Myelodysplasia As A Complicating Factor In Lower-Extremity Prosthesis Fitting

Yoshio Setoguchi, M.D. Cameron B. Hall, M.D. Carl Sumida, C.P.& O

With current techniques, fitting a prosthesis for a conventional lower-extremity amputation, either acquired or congenital, usually presents no special problem for the prosthetics staff. There are, however, instances of apparently normal below-knee stumps where associated anomalies may pose unexpected hazards; for example, a cardiac problem, motor dysfunction, cerebral palsy, or skeletal defects such as kyphosis, scoliosis, or ankylosis. Another anomaly, uncommon but not rare, is spina bifida-the developmental failure of some portion of the spinal column, in which there may also be an involvement of the spinal cord itself, resulting in impairment of motor and/or sensory function. This impairment, termed myelomeningocele, often results in a dysplasia in which one or more areas of partial anesthesia are present.

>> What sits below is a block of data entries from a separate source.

(* Let $n\ge 2$ and let $Y\subseteq\mathbb{S}^{n-1}$ be a finite set with $I(Y)=\{\pm\alpha,\pm\beta\}$, where $\alpha,\beta$ are real numbers with $0<\beta<\alpha<1$ (so $Y$ is a spherical $4$-distance set). Let $X'=Y\cup(-Y)$. (1) If $|Y|\ge 2\binom{n+1}{2}$, then the two numbers \[k_1=\frac{1-\alpha^2}{\beta^2-\alpha^2},\qquad k_2=\frac{1-\beta^2}{\alpha^2-\beta^2}\] are integers. (2) If $|Y|\ge 2\binom{n+2}{3}+1$, then the two numbers \[k_1=\frac{1-\alpha^2}{\beta(\beta^2-\alpha^2)},\qquad k_2=\frac{1-\beta^2}{\alpha(\alpha^2-\beta^2)}\] are integers.
   Context: $\mathbb{S}^{n-1}$ is the unit sphere in $\mathbb{R}^n$. For $Y\subseteq\mathbb{R}^n$, $I(Y)=\{\mathbf{x}\cdot\mathbf{y}:\mathbf{x},\mathbf{y}\in Y,\ \mathbf{x}\neq\mathbf{y}\}$ (standard inner product). A spherical $s$-distance set is a finite subset $Y$ of $\mathbb{S}^{n-1}$ with $|I(Y)|=s$. *)

theory Defs
  imports "HOL-Analysis.Analysis"
begin

definition inner_products :: "('a::real_inner) set \<Rightarrow> real set" where
  "inner_products Y = {x \<bullet> y | x y. x \<in> Y \<and> y \<in> Y \<and> x \<noteq> y}"

end

theory Submission
  imports
    Defs
    Jordan_Normal_Form.Jordan_Normal_Form_Uniqueness
    Jordan_Normal_Form.Jordan_Normal_Form_Existence
    "HOL-Computational_Algebra.Field_as_Ring"
begin

text \<open>
  Take a polynomial \<open>f\<close> with \<open>f(t) = s\<close> for \<open>t = \<plusminus>\<beta>\<close> and \<open>f(t) = 0\<close> for \<open>t = \<plusminus>\<alpha>\<close>, namely
  \<open>t\<^sup>2 - \<alpha>\<^sup>2\<close> for (1) and \<open>t\<^sup>3 - \<alpha>\<^sup>2 t\<close> for (2) (then \<open>f(-\<beta>) = -s\<close>).
  On the unit sphere \<open>f(x \<bullet> y)\<close> is a homogeneous polynomial of degree 2 resp. 3 in \<open>y\<close>, so the
  matrix \<open>(f(x \<bullet> y))\<^sub>x\<^sub>,\<^sub>y\<^sub>\<in>\<^sub>Y\<close> has rank at most \<open>D = C(n+1,2)\<close> resp. \<open>C(n+2,3)\<close>.
  This matrix is \<open>s A + f(1) I\<close> for an integer matrix \<open>A\<close> (a graph adjacency matrix in case (1)),
  hence \<open>-f(1)/s\<close> is an eigenvalue of \<open>A\<close> of geometric multiplicity at least \<open>|Y| - D \<ge> |Y|/2\<close>.
  An algebraic conjugate of an irrational eigenvalue would have the same multiplicity, so either the
  eigenvalue is rational, hence an integer, or \<open>|Y| = 2D\<close> and \<open>A\<close> satisfies an irreducible
  quadratic equation; the latter is impossible for the adjacency matrix of a graph.
\<close>

section \<open>Roots of rational polynomials\<close>

interpretation rat_complex_poly: map_poly_idom_hom "of_rat :: rat \<Rightarrow> complex" ..
interpretation rat_complex: field_hom' "of_rat :: rat \<Rightarrow> complex" ..

abbreviation complex_poly_of_rat :: "rat poly \<Rightarrow> complex poly" where
  "complex_poly_of_rat \<equiv> map_poly of_rat"

lemma of_rat_eq_of_real_of_rat: "(of_rat q :: complex) = complex_of_real (of_rat q)"
  by (cases q) (simp add: of_rat_rat)

lemma order_power:
  fixes p :: "'a::idom poly"
  assumes "p \<noteq> 0"
  shows "Polynomial.order a (p ^ n) = n * Polynomial.order a p"
  using assms by (induction n) (auto simp: order_mult)

lemma coprime_no_common_complex_root:
  fixes p q :: "rat poly"
  assumes "coprime p q" and "poly (complex_poly_of_rat p) z = 0"
  shows "poly (complex_poly_of_rat q) z \<noteq> 0"
proof
  assume "poly (complex_poly_of_rat q) z = 0"
  then have "[:-z, 1:] dvd gcd (complex_poly_of_rat p) (complex_poly_of_rat q)"
    using assms(2) by (simp add: poly_eq_0_iff_dvd)
  also have "gcd (complex_poly_of_rat p) (complex_poly_of_rat q) = 1"
    using assms(1) by (simp flip: rat_complex.map_poly_gcd)
  finally show False by (simp add: is_unit_iff_degree)
qed

lemma prime_elem_coprime_pderiv:
  fixes p :: "rat poly"
  assumes "prime_elem p"
  shows "coprime p (pderiv p)"
proof -
  have "degree p \<noteq> 0"
    using assms by (auto simp: prime_elem_def is_unit_iff_degree)
  then have "pderiv p \<noteq> 0" and "degree (pderiv p) < degree p"
    by (auto simp: pderiv_eq_0_iff degree_pderiv)
  then have "\<not> p dvd pderiv p"
    using dvd_imp_degree_le by fastforce
  then show ?thesis
    using prime_elem_imp_coprime[OF assms] by simp
qed

lemma prime_elem_complex_root_simple:
  fixes p :: "rat poly"
  assumes p: "prime_elem p" and root: "poly (complex_poly_of_rat p) z = 0"
  shows "Polynomial.order z (complex_poly_of_rat p) = 1"
proof -
  have p0: "complex_poly_of_rat p \<noteq> 0"
    using p by (auto simp: prime_elem_def)
  have "poly (pderiv (complex_poly_of_rat p)) z \<noteq> 0"
    using coprime_no_common_complex_root[OF prime_elem_coprime_pderiv[OF p] root]
    by (simp add: of_rat_hom.map_poly_pderiv)
  then have "Polynomial.order z (pderiv (complex_poly_of_rat p)) = 0"
    by (simp add: order_0I)
  moreover have "Polynomial.order z (complex_poly_of_rat p) \<noteq> 0"
    using root p0 order_root by blast
  ultimately show ?thesis
    using order_pderiv[OF p0 root] by (cases "Polynomial.order z (complex_poly_of_rat p)") auto
qed

lemma order_eq_multiplicity_prime_factor:
  fixes c p :: "rat poly"
  assumes c: "c \<noteq> 0" and p: "prime_elem p" and root: "poly (complex_poly_of_rat p) z = 0"
  shows "Polynomial.order z (complex_poly_of_rat c) = multiplicity p c"
proof -
  have "\<not> is_unit p" and p0: "p \<noteq> 0"
    using p by (auto simp: prime_elem_def)
  then obtain r where c_eq: "c = p ^ multiplicity p c * r" and "\<not> p dvd r"
    using multiplicity_decompose'[OF c] by metis
  then have r0: "r \<noteq> 0" by auto
  have "poly (complex_poly_of_rat r) z \<noteq> 0"
    using coprime_no_common_complex_root[OF prime_elem_imp_coprime[OF p \<open>\<not> p dvd r\<close>] root] .
  then have "Polynomial.order z (complex_poly_of_rat r) = 0"
    by (simp add: order_0I)
  moreover have "complex_poly_of_rat c =
      complex_poly_of_rat p ^ multiplicity p c * complex_poly_of_rat r"
    by (subst c_eq) (simp add: rat_complex_poly.hom_mult rat_complex_poly.hom_power)
  ultimately show ?thesis
    using p0 r0 prime_elem_complex_root_simple[OF p root] by (simp add: order_mult order_power)
qed

lemma prime_factor_with_complex_root:
  fixes c :: "rat poly"
  assumes "c \<noteq> 0" and "poly (complex_poly_of_rat c) z = 0"
  obtains p where "prime_elem p" and "poly (complex_poly_of_rat p) z = 0"
proof -
  have "complex_poly_of_rat c = complex_poly_of_rat (unit_factor c) *
      prod_mset (image_mset complex_poly_of_rat (prime_factorization c))"
    by (subst (1) prime_decomposition[of c, symmetric])
      (simp only: rat_complex_poly.hom_mult rat_complex_poly.hom_prod_mset)
  then have dec: "poly (complex_poly_of_rat c) z = poly (complex_poly_of_rat (unit_factor c)) z *
      (\<Prod>p\<in>#prime_factorization c. poly (complex_poly_of_rat p) z)"
    by (simp only: poly_mult poly_prod_mset)
  obtain a where "unit_factor c = [:a:]" and "a \<noteq> 0"
    using unit_factor_is_unit[OF assms(1)] by (metis is_unit_polyE' monom_0)
  then have "poly (complex_poly_of_rat (unit_factor c)) z \<noteq> 0" by simp
  then obtain p where "p \<in># prime_factorization c" and "poly (complex_poly_of_rat p) z = 0"
    using assms(2) unfolding dec by (auto simp: prod_mset_zero_iff)
  then show thesis
    using that in_prime_factors_imp_prime by (auto simp: prime_def)
qed

lemma rat_poly_degree_one_real_root_rational:
  fixes p :: "rat poly"
  assumes "degree p = 1" and "poly (complex_poly_of_rat p) (complex_of_real \<mu>) = 0"
  shows "\<mu> \<in> \<rat>"
proof -
  define a b where "a = coeff p 0" and "b = coeff p 1"
  have p: "p = [:a, b:]"
    unfolding a_def b_def using assms(1)
    by (intro poly_eqI) (auto simp: coeff_pCons coeff_eq_0 split: nat.splits)
  have "b \<noteq> 0"
    unfolding b_def using assms(1) by (metis leading_coeff_0_iff one_neq_zero degree_0)
  have "complex_of_real \<mu> = of_rat (- a / b)"
    using assms(2) \<open>b \<noteq> 0\<close> unfolding p
    by (simp add: of_rat_hom.map_poly_pCons_hom of_rat_divide of_rat_minus field_simps
        eq_neg_iff_add_eq_0 add.commute)
  then have "\<mu> = of_rat (- a / b)"
    by (simp only: of_rat_eq_of_real_of_rat of_real_eq_iff)
  then show ?thesis by simp
qed

lemma rat_poly_degree_two_monic_equation:
  fixes p :: "rat poly"
  assumes "degree p = 2"
  obtains b e :: real where "b \<in> \<rat>" and "e \<in> \<rat>"
    and "\<And>z. poly (complex_poly_of_rat p) z = 0 \<Longrightarrow> z\<^sup>2 + of_real b * z + of_real e = 0"
proof -
  define u v w where "u = coeff p 0" and "v = coeff p 1" and "w = coeff p 2"
  have p: "p = [:u, v, w:]"
    unfolding u_def v_def w_def using assms
    by (intro poly_eqI) (auto simp: coeff_pCons coeff_eq_0 numeral_2_eq_2 split: nat.splits)
  have "w \<noteq> 0"
    unfolding w_def using assms by (metis leading_coeff_0_iff zero_neq_numeral degree_0)
  show thesis
  proof (rule that[of "of_rat (v / w)" "of_rat (u / w)"])
    fix z assume "poly (complex_poly_of_rat p) z = 0"
    then have "(of_rat u + z * (of_rat v + z * of_rat w)) / of_rat w = 0"
      unfolding p by (simp add: of_rat_hom.map_poly_pCons_hom)
    then show "z\<^sup>2 + of_real (of_rat (v / w)) * z + of_real (of_rat (u / w)) = 0"
      using \<open>w \<noteq> 0\<close>
      by (simp add: of_rat_divide field_simps power2_eq_square flip: of_rat_eq_of_real_of_rat)
  qed simp_all
qed

lemma complex_root_of_power_times_constant:
  fixes p r :: "rat poly"
  assumes "degree r = 0" and "r \<noteq> 0" and "poly (complex_poly_of_rat (p ^ j * r)) z = 0"
  shows "poly (complex_poly_of_rat p) z = 0"
proof -
  obtain a where "r = [:a:]" and "a \<noteq> 0"
    using assms(1,2) by (metis degree_eq_zeroE pCons_eq_0_iff)
  moreover have "poly (complex_poly_of_rat p) z ^ j * poly (complex_poly_of_rat r) z = 0"
    using assms(3)
    unfolding rat_complex_poly.hom_mult rat_complex_poly.hom_power poly_mult poly_power .
  ultimately show ?thesis
    by simp
qed

lemma high_order_root_rational_or_quadratic:
  fixes c :: "int poly" and \<mu> :: real and m :: nat
  assumes c0: "c \<noteq> 0" and m0: "m > 0" and deg: "degree c \<le> 2 * m"
    and ord: "Polynomial.order (complex_of_real \<mu>) (map_poly of_int c) \<ge> m"
  shows "\<mu> \<in> \<rat> \<or> degree c = 2 * m \<and> (\<exists>b e. b \<in> \<rat> \<and> e \<in> \<rat> \<and> \<mu>\<^sup>2 + b * \<mu> + e = 0 \<and>
           (\<forall>z::complex. poly (map_poly of_int c) z = 0 \<longrightarrow> z\<^sup>2 + of_real b * z + of_real e = 0))"
proof -
  define cq where "cq = map_poly (of_int :: int \<Rightarrow> rat) c"
  have cq: "complex_poly_of_rat cq = map_poly of_int c"
    unfolding cq_def by (subst map_poly_map_poly) (auto simp: o_def)
  have cq0: "cq \<noteq> 0" and deg_cq: "degree cq = degree c"
    using c0 unfolding cq_def by simp_all
  have "poly (complex_poly_of_rat cq) (complex_of_real \<mu>) = 0"
    using ord m0 c0 unfolding cq order_root by auto
  then obtain p where p: "prime_elem p"
    and root: "poly (complex_poly_of_rat p) (complex_of_real \<mu>) = 0"
    using prime_factor_with_complex_root[OF cq0] by blast
  have p0: "p \<noteq> 0" and "\<not> is_unit p"
    using p by (auto simp: prime_elem_def)
  then have "degree p \<ge> 1"
    using is_unit_iff_degree by fastforce
  define j where "j = multiplicity p cq"
  obtain r where cq_eq: "cq = p ^ j * r" and "\<not> p dvd r"
    using multiplicity_decompose'[OF cq0 \<open>\<not> is_unit p\<close>] unfolding j_def by metis
  then have r0: "r \<noteq> 0" by auto
  have "j \<ge> m"
    using ord order_eq_multiplicity_prime_factor[OF cq0 p root] unfolding j_def cq by simp
  have deg_split: "degree c = degree p * j + degree r"
    using cq_eq p0 r0 deg_cq by (simp add: degree_mult_eq degree_power_eq)
  show ?thesis
  proof (cases "degree p = 1")
    case True
    then show ?thesis
      using rat_poly_degree_one_real_root_rational root by blast
  next
    case False
    with \<open>degree p \<ge> 1\<close> have "2 * j \<le> degree p * j" by simp
    with deg_split deg \<open>j \<ge> m\<close> have "j = m" "degree c = 2 * m" "degree r = 0" "degree p * j = 2 * j"
      by linarith+
    with m0 have "degree p = 2" by simp
    obtain b e where "b \<in> \<rat>" "e \<in> \<rat>"
      and quad: "\<And>z. poly (complex_poly_of_rat p) z = 0 \<Longrightarrow> z\<^sup>2 + of_real b * z + of_real e = 0"
      using rat_poly_degree_two_monic_equation[OF \<open>degree p = 2\<close>] by blast
    have "complex_of_real (\<mu>\<^sup>2 + b * \<mu> + e) = 0"
      using quad[OF root] by simp
    moreover have "poly (complex_poly_of_rat p) z = 0" if "poly (map_poly of_int c) z = 0" for z
      using complex_root_of_power_times_constant[OF \<open>degree r = 0\<close> r0] that
      unfolding cq[symmetric] cq_eq by blast
    ultimately show ?thesis
      using \<open>degree c = 2 * m\<close> \<open>b \<in> \<rat>\<close> \<open>e \<in> \<rat>\<close> quad by (metis of_real_eq_0_iff)
  qed
qed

The case described below is an example of the way in which an associated anomaly can create baffling complications in an apparently simple and straightforward case of prosthetic replacement. This patient came to the Child Amputee Prosthetics Project approximately one year ago, when she was 16 years of age. Multiple congenital deficiencies had been noted at birth: spina bifida with myelomeningocele, and clubfeet. By the age of eight years she had undergone 14 surgical procedures-primarily tendon transplants to correct the foot anomalies. Because of the sensory loss resulting from myelomeningocele, recurrent slow-healing ulcers occurred on the left lower extremity, and a left below-knee amputation was performed at the age of 13 years.

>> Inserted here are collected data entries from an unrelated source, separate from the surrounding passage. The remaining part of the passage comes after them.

lemma order_eq_twice_card_if_outside_mult_mem:
  assumes fin: "finite (carrier G)" and s: "s \<in> carrier G" "s \<notin> A"
    and outside_mult: "\<And>g. g \<in> carrier G \<Longrightarrow> g \<notin> A \<Longrightarrow> s \<otimes> g \<in> A"
  shows "order G = 2 * card A"
proof -
  have A_carrier: "A \<subseteq> carrier G"
    using subgroup.subset[OF A] .
  have "bij_betw (\<lambda>c. s \<otimes> c) A (carrier G - A)"
  proof (rule bij_betw_imageI)
    show "inj_on (\<lambda>c. s \<otimes> c) A"
      using s A_carrier l_cancel by (intro inj_onI) blast
    show "(\<lambda>c. s \<otimes> c) ` A = carrier G - A"
    proof
      show "(\<lambda>c. s \<otimes> c) ` A \<subseteq> carrier G - A"
        using mult_subgroup_outside(1)[OF A s] s A_carrier by auto
      show "carrier G - A \<subseteq> (\<lambda>c. s \<otimes> c) ` A"
      proof
        fix g assume g: "g \<in> carrier G - A"
        then have "g = s \<otimes> (s \<otimes> g)"
          using outside_involution s by (simp flip: m_assoc)
        with g outside_mult show "g \<in> (\<lambda>c. s \<otimes> c) ` A"
          by blast
      qed
    qed
  qed
  then have "card (carrier G - A) = card A"
    by (simp add: bij_betw_same_card)
  then show ?thesis
    using card_Diff_subset[OF finite_subset[OF A_carrier fin] A_carrier] card_mono[OF fin A_carrier]
    unfolding order_def by linarith
qed

end

lemma is_dihedral_if_outside_involutions:
  assumes fin: "finite (carrier G)" and z: "z \<in> carrier G" "z [^] (2::nat) \<noteq> \<one>"
    and outside_involution: "\<And>t. t \<in> carrier G \<Longrightarrow> t \<notin> generate G {z} \<Longrightarrow> t [^] (2::nat) = \<one>"
    and s: "s \<in> carrier G" "s \<notin> generate G {z}"
  shows "is_dihedral G (ord z)"
proof -
  let ?A = "generate G {z}"
  have A: "subgroup ?A G"
    using z by (auto intro: generate_is_subgroup)
  have tt: "t \<otimes> t = \<one>" if "t \<in> carrier G" "t \<notin> ?A" for t
    using outside_involution[OF that] that by (simp add: nat_pow_two)
  have z_in: "z \<in> ?A"
    by (auto intro: generate.incl)
  have outside_mult: "s \<otimes> g \<in> ?A" if "g \<in> carrier G" "g \<notin> ?A" for g
    using outside_mult_mem[OF A tt z_in _ s that] z by (simp add: nat_pow_two)
  have "generate G {z, s} = carrier G"
  proof
    show "generate G {z, s} \<subseteq> carrier G"
      using z s generate_incl by simp
    have A_gen: "?A \<subseteq> generate G {z, s}"
      by (rule mono_generate) auto
    show "carrier G \<subseteq> generate G {z, s}"
    proof
      fix g assume g: "g \<in> carrier G"
      show "g \<in> generate G {z, s}"
      proof (cases "g \<in> ?A")
        case False
        have "s \<in> generate G {z, s}"
          by (auto intro: generate.incl)
        then have "s \<otimes> (s \<otimes> g) \<in> generate G {z, s}"
          using outside_mult[OF g False] A_gen by (blast intro: generate.eng)
        moreover have "s \<otimes> (s \<otimes> g) = g"
          using tt[OF s] s g by (simp flip: m_assoc)
        ultimately show ?thesis
          by simp
      qed (use A_gen in blast)
    qed
  qed
  moreover have "(z \<otimes> s) [^] (2::nat) = \<one>"
    using outside_involution mult_subgroup_outside(2)[OF A s z_in] z s by simp
  moreover have "order G = 2 * ord z"
    using order_eq_twice_card_if_outside_mult_mem[OF A tt fin s outside_mult] generate_pow_card[OF z(1)]
    by simp
  moreover have "z [^] ord z = \<one>" "s [^] (2::nat) = \<one>"
    using z s outside_involution by auto
  ultimately show ?thesis
    unfolding is_dihedral_def using z s by blast
qed

lemma power_comparable_imp_in_threshold_family:
  assumes fin: "finite (carrier G)" and comparable: "power_comparable G"
  shows "in_threshold_family G"
proof (cases "\<forall>x\<in>carrier G. x [^] (2::nat) = \<one>")
  case True
  then have "elementary_abelian_2_group G"
    unfolding elementary_abelian_2_group_def using comm_group_if_exponent_two by blast
  then show ?thesis
    unfolding in_threshold_family_def by blast
next
  case False
  then obtain z where z: "z \<in> carrier G" "z [^] (2::nat) \<noteq> \<one>"
    and non_involutions: "\<forall>x\<in>carrier G. x [^] (2::nat) \<noteq> \<one> \<longrightarrow> x \<in> generate G {z}"
    using power_comparable_obtain_maximal[OF fin comparable] by blast
  have "2 < ord z"
    using ord_gt_2_iff[OF fin] z by blast
  moreover have "(\<exists>q n. Factorial_Ring.prime q \<and> ord z = q ^ n) \<or>
      (\<exists>p. Factorial_Ring.prime p \<and> odd p \<and> ord z = 2 * p)"
    using large_divisors_chain_cases power_comparable_imp_large_divisors_chain_ord[OF fin comparable z(1)]
      ord_ge_1[OF fin z(1)] by simp
  moreover have "cyclic_group G \<and> order G = ord z \<or> is_dihedral G (ord z)"
  proof (cases "generate G {z} = carrier G")
    case True
    then have "carrier G = range (\<lambda>n::int. z [^] n)"
      using generate_pow[OF z(1)] by (simp add: full_SetCompr_eq)
    then have "cyclic_group G"
      using cyclic_group z(1) by blast
    moreover have "order G = ord z"
      using True generate_pow_card[OF z(1)] unfolding order_def by simp
    ultimately show ?thesis
      by blast
  next
    case False
    then obtain s where "s \<in> carrier G" "s \<notin> generate G {z}"
      using z(1) generate_incl by blast
    then show ?thesis
      using is_dihedral_if_outside_involutions[OF fin z] non_involutions by blast
  qed
  ultimately show ?thesis
    using in_threshold_family_if_cyclic_or_dihedral by blast
qed

end

theorem mainTheorem13:
  fixes G (structure)
  assumes "group G" and "finite (carrier G)"
  shows "(threshold_graph (carrier G) (power_adj G) \<longleftrightarrow> split_graph (carrier G) (power_adj G))
       \<and> (split_graph (carrier G) (power_adj G) \<longleftrightarrow> \<not> has_induced_2K2 (carrier G) (power_adj G))
       \<and> (\<not> has_induced_2K2 (carrier G) (power_adj G) \<longleftrightarrow> intersection_condition G)
       \<and> (intersection_condition G \<longleftrightarrow> in_threshold_family G)"
proof -
  interpret group G by (rule assms(1))
  have split: "split_graph (carrier G) (power_adj G) \<longleftrightarrow> power_comparable G"
    using power_comparable_imp_split_graph not_power_comparable_imp_induced_2K2
      split_graph_no_induced_2K2 by blast
  have no_2K2: "\<not> has_induced_2K2 (carrier G) (power_adj G) \<longleftrightarrow> power_comparable G"
    using not_power_comparable_imp_induced_2K2 split split_graph_no_induced_2K2 by blast
  have threshold: "threshold_graph (carrier G) (power_adj G) \<longleftrightarrow> power_comparable G"
    unfolding threshold_graph_def
    using power_comparable_imp_no_induced_P4 split split_graph_no_induced_C4 no_2K2 by blast
  have family: "in_threshold_family G \<longleftrightarrow> power_comparable G"
    using in_threshold_family_imp_power_comparable power_comparable_imp_in_threshold_family assms(2)
    by blast
  show ?thesis
    using split no_2K2 threshold family power_comparable_iff_intersection_condition[OF assms(2)]
    by blast
qed

end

When the girl arrived at this Project she was wearing her second below-knee prosthesis-a patellar-tendon-bearing type with waistband suspension and insert liner. Physical examination revealed a 2 by 2 cm ulcer over the lateral aspect of the tibial tubercle, with moderate induration around the site of ulceration. The remainder of the stump was quite clear, except for a slight discoloration in the popliteal area. The stump was of normal size and conformation, with excellent knee musculature and no significant ligamentous instability. Some sensory deficit was noted, but did not appear to be marked, and she had excellent proprioception as well as true sensory patterns. No X-rays accompanied her medical records, and it was assumed that the skeletal structure of the remaining portion of the limb was normal.

Because of gait deviations, she was given instruction in stretching exercises for her tight right lateral abdominal muscles, plus strengthening exercises for the abdominal and trunk musculature.

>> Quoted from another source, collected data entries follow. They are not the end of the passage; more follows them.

text \<open>The slabs cut from the ball by a basic neighbourhood of \<open>e\<close> have a
  weak-star compact convex hull, which misses the extreme point \<open>e\<close> and can therefore be
  separated from it.\<close>

theorem extreme_point_slice_subset_openin:
  fixes e :: "'y::real_normed_vector \<Rightarrow>\<^sub>L real"
  assumes ext: "e extreme_point_of dual_ball" and U: "openin weak_star_topology U" "e \<in> U"
  shows "\<exists>y c. c < blinfun_apply e y \<and> (\<forall>k\<in>dual_ball. c < blinfun_apply k y \<longrightarrow> k \<in> U)"
proof -
  obtain W d where W: "finite W" "d > 0" "weak_star_box e W d \<subseteq> U"
    using weak_star_box_subset_openin[OF U] .
  define \<H> where "\<H> =
    (\<lambda>w. dual_ball \<inter> (\<lambda>k. blinfun_apply k w) -` {blinfun_apply e w + d..}) ` W \<union>
    (\<lambda>w. dual_ball \<inter> (\<lambda>k. blinfun_apply k w) -` {..blinfun_apply e w - d}) ` W"
  define C where "C = convex hull (\<Union>\<H>)"
  have "compactin weak_star_topology C"
    unfolding C_def
  proof (rule compactin_weak_star_convex_hull_Union)
    show "finite \<H>" unfolding \<H>_def using W(1) by simp
    show "compactin weak_star_topology H \<and> convex H" if "H \<in> \<H>" for H
      using that unfolding \<H>_def
      by (auto intro!: compactin_convex_dual_ball_slab simp: convex_real_interval)
  qed
  moreover have "convex C" unfolding C_def by simp
  moreover have "e \<notin> C"
  proof
    assume "e \<in> C"
    moreover have "C \<subseteq> dual_ball"
      unfolding C_def by (rule hull_minimal) (auto simp: \<H>_def convex_dual_ball)
    ultimately have "e extreme_point_of C" using ext unfolding extreme_point_of_def by blast
    then have "e \<in> \<Union>\<H>" unfolding C_def by (rule extreme_point_of_convex_hull)
    then show False unfolding \<H>_def using W(2) by auto
  qed
  ultimately obtain y c where yc: "c < blinfun_apply e y" "\<And>k. k \<in> C \<Longrightarrow> blinfun_apply k y \<le> c"
    using weak_star_separation by blast
  have "k \<in> U" if k: "k \<in> dual_ball" "c < blinfun_apply k y" for k
  proof -
    have "k \<notin> C" using yc(2)[of k] k(2) by linarith
    moreover have "\<Union>\<H> \<subseteq> C" unfolding C_def by (rule hull_subset)
    ultimately have "k \<notin> \<Union>\<H>" by blast
    then have "k \<in> weak_star_box e W d"
      using k(1) unfolding \<H>_def weak_star_box_def by (auto simp: abs_less_iff)
    then show ?thesis using W(3) by blast
  qed
  then show ?thesis using yc(1) by blast
qed

lemma convex_weak_star_closure:
  fixes S :: "('y::real_normed_vector \<Rightarrow>\<^sub>L real) set"
  assumes "convex S"
  shows "convex (weak_star_topology closure_of S)"
  unfolding convex_alt
proof (intro ballI allI impI)
  fix x y and u :: real
  assume xy: "x \<in> weak_star_topology closure_of S" "y \<in> weak_star_topology closure_of S"
    and u: "0 \<le> u \<and> u \<le> 1"
  define h where "h p = (1 - u) *\<^sub>R fst p + u *\<^sub>R snd p" for p :: "('y \<Rightarrow>\<^sub>L real) \<times> ('y \<Rightarrow>\<^sub>L real)"
  let ?T = "prod_topology weak_star_topology weak_star_topology"
  have "continuous_map ?T weak_star_topology h"
    unfolding continuous_map_into_weak_star_iff
  proof
    fix w :: 'y
    have "continuous_map ?T euclideanreal
        (\<lambda>p. (1 - u) * blinfun_apply (fst p) w + u * blinfun_apply (snd p) w)"
      by (intro continuous_map_add continuous_map_real_mult continuous_map_canonical_const
          continuous_map_compose[OF continuous_map_fst continuous_map_weak_star_evaluation, unfolded o_def]
          continuous_map_compose[OF continuous_map_snd continuous_map_weak_star_evaluation, unfolded o_def])
    then show "continuous_map ?T euclideanreal (\<lambda>p. blinfun_apply (h p) w)"
      unfolding h_def by (simp add: blinfun.add_left blinfun.scaleR_left)
  qed
  moreover have "(x, y) \<in> ?T closure_of (S \<times> S)" using xy by (simp add: closure_of_Times)
  ultimately have "h (x, y) \<in> weak_star_topology closure_of (h ` (S \<times> S))"
    using continuous_map_image_closure_subset by blast
  moreover have "h ` (S \<times> S) \<subseteq> S" using assms u unfolding h_def convex_alt by auto
  ultimately show "(1 - u) *\<^sub>R x + u *\<^sub>R y \<in> weak_star_topology closure_of S"
    unfolding h_def using closure_of_mono by fastforce
qed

Her first CAPP prosthesis was a patellar-tendon-bearing type with a hard socket and patellar cuff suspension (Fig. 1 Fig. 2 ). The fit and function appeared to be most satisfactory, although a slight redness was noted on the distal-anterior part of the tibia.

However, within four months the patient had developed a large abrasion on the distal-anterior area of the stump (Fig. 3 ). When she returned to the Project she was placed on a program of stump bandaging, with sterile dressing, and prosthesis use was discontinued. The area of ulceration diminished, and there was obvious healing. Sensory testing revealed the ulceration to be in an area of analgesia (illustrating one of the problems likely to be encountered in the treatment of a partially anesthetic stump).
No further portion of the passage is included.